Tom Malinowski of Human Rights Watch told The Independent: "These are the areas we are highly confident about, based on the flights logs and other information we have."

The investigation by the New York-based group has focused on the logs of a Boeing 757 jet with the tailgate marker N313P. This plane has been widely identified as being used by the CIA for the transportation and "renditioning" of terror suspects outside the US. Until recently, it was registered to a Massachusetts-based company believed to be a front for the CIA.

Using this data Human Rights Watch discovered that, in September 2003, it flew directly from Kabul to Szymany airport, near the remote Polish town of Szczytno, north of Warsaw, home to a training facility for the Polish intelligence service.

From there, the plane flew directly to Mihail Kogalniceanu air base, close to the Romanian city of Constanta on the Black Sea coast. The Pentagon is involved in negotiations to take over the airbase's operation. Throughout 2004, the plane made a number of other visits to Kogalniceanu, on which the US has spent at least $3m upgrading facilities in preparation for taking it over.

In 2003 Kogalniceanu was used as the temporary location for more than 3,500 US troops on their way to northern Iraq. Last October, US Defence Secretary Donald Rumsfeld visited the base and met senior Romanian military officials.

"The flight from Kabul in September 2003 happened at a time when we know a number of ghost detainees were being moved," said Mr Malinowski. "It's hard to imagine why this plane would be flying there otherwise."

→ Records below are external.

(* Let $\alpha\in(\tfrac12,1)$, $0<\eta_0\le\frac1{2\lambda_\Sigma}$, $\eta_t=\eta_0t^{-\alpha}$, and assume $\Gamma$ is positive definite. If $$T\ge4\Big(\frac2{(1-\gamma)\lambda_0\eta_0}\Big)^{\frac1{1-\alpha}}(1-\alpha)^{\frac\alpha{1-\alpha}}\,\Gamma\Big(\frac1{1-\alpha}\Big)\,\mathrm{cond}(\Gamma),$$ then $\lambda_{\min}(A\bar\Lambda_TA^\top)\ge\frac12\lambda_{\min}(\Gamma)=\frac1{2\|\Gamma^{-1}\|}$.
   Context: $\mathcal S$ is a finite state space, $\gamma\in[0,1)$, $P(\cdot\mid s)$ a Markov transition kernel on $\mathcal S$ with stationary distribution $\mu$, $r:\mathcal S\to[0,1]$ the expected reward, and $\phi:\mathcal S\to\mathbb R^d$ a feature map with $\|\phi(s)\|_2\le1$. $A=\mathbb E_{s\sim\mu,s'\sim P(\cdot\mid s)}[\phi(s)(\phi(s)-\gamma\phi(s'))^\top]$, $b=\mathbb E_{s\sim\mu}[\phi(s)r(s)]$, $\Sigma=\mathbb E_{s\sim\mu}[\phi(s)\phi(s)^\top]$, $\lambda_0=\lambda_{\min}(\Sigma)>0$, $\lambda_\Sigma=\lambda_{\max}(\Sigma)$, $\theta^\star=A^{-1}b$. With $s_t\sim\mu$, $s_t'\sim P(\cdot\mid s_t)$, $r_t\in[0,1]$, $\mathbb E[r_t\mid s_t]=r(s_t)$, $A_t=\phi(s_t)(\phi(s_t)-\gamma\phi(s_t'))^\top$, $b_t=r_t\phi(s_t)$: $\Gamma=\mathbb E[(A_t\theta^\star-b_t)(A_t\theta^\star-b_t)^\top]$. For $0\le t\le T$, $Q_t=\eta_t\sum_{j=t}^T\prod_{k=t+1}^j(I-\eta_kA)$ (empty product $=I$), $\bar\Lambda_T=\frac1T\sum_{t=1}^TQ_t\Gamma Q_t^\top$. In the displayed condition, $\Gamma(\cdot)$ applied to a number denotes the Euler Gamma function, and $\mathrm{cond}(\Gamma)$ is the condition number of the matrix $\Gamma$. *)

theory Defs
  imports "HOL-Probability.Probability"
begin

definition real_eigenvalues :: "real^'n^'n \<Rightarrow> real set" where
  "real_eigenvalues M = {c. \<exists>v. v \<noteq> 0 \<and> M *v v = c *s v}"

definition lambda_min :: "real^'n^'n \<Rightarrow> real" where
  "lambda_min M = Min (real_eigenvalues M)"

definition lambda_max :: "real^'n^'n \<Rightarrow> real" where
  "lambda_max M = Max (real_eigenvalues M)"

definition pos_def :: "real^'n^'n \<Rightarrow> bool" where
  "pos_def M \<longleftrightarrow> (\<forall>x. x \<noteq> 0 \<longrightarrow> x \<bullet> (M *v x) > 0)"

definition mat_norm :: "real^'n^'m \<Rightarrow> real" where
  "mat_norm M = onorm (\<lambda>x. M *v x)"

Various human rights group have long monitored secret detention facilities used by the CIA around the world, known as "black sites". It is known the US sends prisoners to countries such as Jordan, Pakistan and Egypt for the so-called "renditioning" of detainees.

>The CIA is also understood to operate such facilities in Iraq and at Bagram airbase in Afghanistan. The British Government has denied previous claims that a detention centre also operated on the island of Diego Garcia.

Yesterday, The Washington Post, which first reported that the agency had established detention facilities in two unidentified Eastern European countries, also reported the CIA had last year moved one of its prisons on Guantanamo Bay. It said it had shut down the facility because it was concerned that a Supreme Court ruling would force them to place detainees before a civilian court.

Under the Geneva Conventions, the Red Cross is afforded access to all prisoners of war. Simon Schorno, spokesman for the International Committee of the Red Cross in Washington, said some of these "ghost prisoners" may have been arrested by law enforcement officials rather than captured in combat situations. He said: "We are concerned about the fate of an unknown number of prisoners captured during the so-called international war on terror."

Larry Johnson, a former CIA analyst, said he believed news about the detention facilities was emerging because agency members were concerned. "Once again the Bush administration is out of control," he said.

Marek Purowski, a spokesman for the Polish Embassy in Washington, said he would investigate the allegations. "I have to deny it. I cannot believe it is true," he said. The Romanian embassy did not return calls seeking comment.